Мы имели баротир. Я возил по всему миру уникальный снимок пули, только наполовину зашедшей в электрическую лампочку, которая еще даже не успела развалиться. То есть у нас был аппарат, который делал миллионы кадров в секунду! Это не поддается человеческому воображению! Мы имели аэродинамическую лабораторию, где продували модели до 22 max — до 22 скоростей звука. Попробуй ее создать по новой! Да и преподаватели в Воронеж не поедут: 119 докторов, 1 академик, 539 кандидатов — такой был кадровый состав, когда я уходил из Жуковки. Ладно, это не по теме, просто крик души.

— А это будет по теме, если я спрошу вас о здоровье накануне юбилея? Колоссальные нагрузки молодости теперь не вылезают боком?

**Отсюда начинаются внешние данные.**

(* Let $G\le\operatorname{Homeo}(\mathfrak{C})$ be simple and vigorous. Let $D\in K_{\mathfrak{C}}$ and let $\gamma\in G$ satisfy $D\gamma\cap D=\varnothing$ and $D\gamma\cup D\neq\mathfrak{C}$. Let $\delta\in\operatorname{Homeo}(\mathfrak{C})$ fix every point of $\mathfrak{C}\setminus D$. Let $H=\langle G\cup\{[\delta,\gamma]\}\rangle$. Then $H$ is simple and vigorous. If moreover $G$ is finitely generated, then so is $H$.
   Context: $\mathfrak{C}$ denotes a Cantor space (a space homeomorphic to $\{0,1\}^\omega$). Groups of homeomorphisms act on the right, products composed left to right, and $[a,b]=a^{-1}b^{-1}ab$. $K_{\mathfrak{C}}$ denotes the set of non-empty proper clopen subsets of $\mathfrak{C}$. For $\gamma\in\operatorname{Homeo}(\mathfrak{C})$, $\operatorname{supp}(\gamma)=\{p\in\mathfrak{C}: p\gamma\neq p\}$. A subset $S\subseteq \operatorname{Homeo}(\mathfrak{C})$ is vigorous if for all clopen $A,B,C\subseteq\mathfrak{C}$ with $B,C$ non-empty proper subsets of $A$ there is $\gamma\in S$ with $\operatorname{supp}(\gamma)\subseteq A$ and $B\gamma\subseteq C$. *)

theory Defs
  imports "HOL-Analysis.Analysis" "HOL-Algebra.Coset" "HOL-Algebra.Generated_Groups"
begin

type_synonym point = "nat \<Rightarrow> bool"

definition cantor :: "point topology" where
  "cantor = product_topology (\<lambda>_::nat. discrete_topology (UNIV :: bool set)) UNIV"

definition clopen :: "point set \<Rightarrow> bool" where
  "clopen A \<longleftrightarrow> openin cantor A \<and> closedin cantor A"

definition K_C :: "point set set" where
  "K_C = {A. clopen A \<and> A \<noteq> {} \<and> A \<noteq> topspace cantor}"

definition Homeo :: "(point \<Rightarrow> point) set" where
  "Homeo = {f. homeomorphic_map cantor cantor f}"

text \<open>Right action, products composed left to right: f \<otimes> g = apply f first, then g.\<close>
definition homeo_group :: "(point \<Rightarrow> point) monoid" where
  "homeo_group = \<lparr>carrier = Homeo, mult = (\<lambda>f g. g \<circ> f), one = id\<rparr>"

definition supp :: "(point \<Rightarrow> point) \<Rightarrow> point set" where
  "supp g = {p. g p \<noteq> p}"

definition commutator :: "(point \<Rightarrow> point) \<Rightarrow> (point \<Rightarrow> point) \<Rightarrow> (point \<Rightarrow> point)" where
  "commutator a b = inv\<^bsub>homeo_group\<^esub> a \<otimes>\<^bsub>homeo_group\<^esub> inv\<^bsub>homeo_group\<^esub> b
      \<otimes>\<^bsub>homeo_group\<^esub> a \<otimes>\<^bsub>homeo_group\<^esub> b"

definition vigorous :: "(point \<Rightarrow> point) set \<Rightarrow> bool" where
  "vigorous S \<longleftrightarrow> (\<forall>A B C. clopen A \<and> clopen B \<and> clopen C \<and>
      B \<noteq> {} \<and> C \<noteq> {} \<and> B \<subset> A \<and> C \<subset> A \<longrightarrow>
      (\<exists>g\<in>S. supp g \<subseteq> A \<and> g ` B \<subseteq> C))"

definition simple_subgroup :: "(point \<Rightarrow> point) set \<Rightarrow> bool" where
  "simple_subgroup G \<longleftrightarrow> G \<noteq> {id} \<and>
     (\<forall>N. N \<lhd> (homeo_group\<lparr>carrier := G\<rparr>) \<longrightarrow> N = {id} \<or> N = G)"

definition fin_gen :: "(point \<Rightarrow> point) set \<Rightarrow> bool" where
  "fin_gen G \<longleftrightarrow> (\<exists>S. finite S \<and> S \<subseteq> G \<and> generate homeo_group S = G)"

end

theory Submission
  imports Defs
begin

text \<open>
  Vigour and finite generation pass from \<open>G\<close> to \<open>H\<close> for trivial reasons; simplicity is the point.
  The map \<open>g \<mapsto> [\<delta>, g]\<close> is a crossed homomorphism, so for a subgroup \<open>T\<close> normalised by \<open>G\<close> the set
  \<open>W(T) = {g \<in> G. [\<delta>, g] \<in> T}\<close> is a subgroup of \<open>G\<close>; it contains every element of \<open>G\<close> supported
  off \<open>D\<close>, since such elements commute with \<open>\<delta>\<close>.

  For \<open>T = H\<close>, \<open>W(H)\<close> also contains \<open>\<gamma>\<close>, and by vigour it contains, for every \<open>g \<in> G\<close>, an element
  moving \<open>D\<close> into \<open>g D\<close>. Conjugating, \<open>W(H)\<close> contains every element of \<open>G\<close> whose support misses a
  translate of \<open>D\<close>. These elements form a conjugation invariant set containing a nontrivial element,
  so by simplicity they generate \<open>G\<close>: hence \<open>[\<delta>, g] \<in> H\<close> for all \<open>g \<in> G\<close>.

  Now let \<open>N\<close> be a nontrivial normal subgroup of \<open>H\<close>. For vigorous groups a double commutator
  \<open>[[n, g], k]\<close> of a nontrivial \<open>n\<close> with suitable \<open>g, k \<in> G\<close> is a nontrivial element of \<open>G\<close>, so
  \<open>N \<inter> G\<close> is a nontrivial normal subgroup of \<open>G\<close> and \<open>G \<subseteq> N\<close>. Then \<open>W(N)\<close> is normal in \<open>G\<close>
  (this uses \<open>[\<delta>, G] \<subseteq> H\<close>) and nontrivial, hence equal to \<open>G\<close>; so \<open>[\<delta>, \<gamma>] \<in> N\<close> and \<open>N = H\<close>.
\<close>

section \<open>Clopen sets of the Cantor space\<close>

definition cylinder :: "nat \<Rightarrow> point \<Rightarrow> point set" where
  "cylinder n p = {x. \<forall>i<n. x i = p i}"

lemma topspace_cantor [simp]: "topspace cantor = UNIV"
  by (simp add: cantor_def)

lemma cylinder_self [simp]: "p \<in> cylinder n p"
  by (simp add: cylinder_def)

— Чувствую себя нормально. Я поступил в отряд космонавтов в 1967 году. Из нас действительно готовили атлетов: бежать мог хоть 10, хоть 20 километров. По 4 часа физкультуры каждый день. Дело в том, что мы особо не понимали, что нас ждет: а я ведь готовился к выходу в открытый космос. Но постепенно поняли, что атлетизм не так уж нужен — потом в космосе трудно сохранять мышечную массу.

Сейчас нагрузки не снизились, но некоторые “издевательства”, как я говорю, отменили: когда мы сидели по 10—15 суток в сурдокамере, где абсолютная тишина и отсутствие связи с внешним миром. Пришли к выводу, что ничего она не дает. А пару человек и не прошли ее, у них были галлюцинации. И все космонавты так были этим запуганы...

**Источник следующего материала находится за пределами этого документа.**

text \<open>\<open>\<Phi> P\<^sup>k\<close> and \<open>(P\<^sup>2 + 1)\<^bsup>(k-1)/2\<^esup>\<close> are both \<open>P\<^bsup>k-1\<^esup>\<close> times a power series with constant term 1.\<close>
lemma Theta_at_times_power_close:
  assumes "odd k" and "1 < k"
  shows "- int (degree ((P ^ 2 + 1) ^ (k div 2)))
    < fls_subdegree (Theta_at p P * tpoly (P ^ k) - tpoly ((P ^ 2 + 1) ^ (k div 2)))"
proof -
  obtain G where G: "fps_to_fls G = inverse (tpoly P)" and G0: "G $ 0 = 0"
    and Theta: "Theta_at p P = fps_to_fls G * fps_to_fls (cantor_fps p oo G)"
    by (rule Theta_at_eq)
  define e where "e = k div 2"
  define F where "F = (cantor_fps p oo G) - (1 + G ^ 2) ^ e"
  have k: "k = 2 * e + 1" and "0 < e"
    using assms by (auto simp: e_def elim!: oddE)
  have P: "P \<noteq> 0" "tpoly P \<noteq> 0"
    using deg_P by auto
  have deg: "degree ((P ^ 2 + 1) ^ e) = 2 * e * degree P"
    by (simp add: degree_power_eq square_plus_1_nonzero degree_square_plus_1)
  have "Theta_at p P * tpoly (P ^ k) - tpoly ((P ^ 2 + 1) ^ e) = tpoly P ^ (2 * e) * fps_to_fls F"
  proof -
    have "tpoly (P ^ 2 + 1) = tpoly P ^ 2 * (1 + fps_to_fls G ^ 2)"
      using P by (simp add: G field_simps power2_eq_square)
    then have "tpoly ((P ^ 2 + 1) ^ e) = tpoly P ^ (2 * e) * fps_to_fls ((1 + G ^ 2) ^ e)"
      by (simp add: fps_to_fls_power power_mult_distrib power_mult)
    moreover have "Theta_at p P * tpoly (P ^ k) = tpoly P ^ (2 * e) * fps_to_fls (cantor_fps p oo G)"
      using P by (simp add: Theta G k field_simps)
    ultimately show ?thesis
      by (simp add: F_def algebra_simps)
  qed
  moreover have "1 \<le> fls_subdegree (fps_to_fls F)" if "F \<noteq> 0"
  proof -
    have "F $ 0 = 0"
      using G0 deg_P by (simp add: F_def cantor_fps_def cantor_seq_0 odd_pos odd_p fps_power_zeroth)
    then have "subdegree F \<noteq> 0"
      using that subdegree_eq_0_iff[of F] by blast
    then show ?thesis
      by (simp add: fls_subdegree_fls_to_fps)
  qed
  ultimately show ?thesis
    using P \<open>0 < e\<close> deg_P by (cases "F = 0") (simp_all add: fls_subdegree_pow fls_subdegree_tpoly deg
        flip: e_def)
qed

Однажды, уже в космосе на станции, мой напарник Саша Иванченков включил “Белое солнце пустыни”. А видеомагнитофон — гибрид продукции японского и львовского заводов: сначала 2—3 минуты на экране снег, и лишь потом изображение. Я в отсеке занимаюсь физкультурой и вдруг на всю станцию слышу: “Здорово, отцы!” Я замер. Думаю: попался! Надо брать дневник и записывать: 16.52 — начались слуховые галлюцинации. “Давно тут сидим?” — опять раздается голос ниоткуда. И главное — по “теме”! Вот оно, думаю, что значит 100-е сутки на орбите... Выглянул — у Иванченкова тоже испарина под носом. Значит, групповые галлюцинации! И только когда, наконец, на экране появился красноармеец Сухов, который беседует с аксакалами, сидящими на ящиках с динамитом, мы улыбнулись, выдохнули спокойно. А в первые мгновения, представьте себе, оба восприняли голос артиста как галлюцинации.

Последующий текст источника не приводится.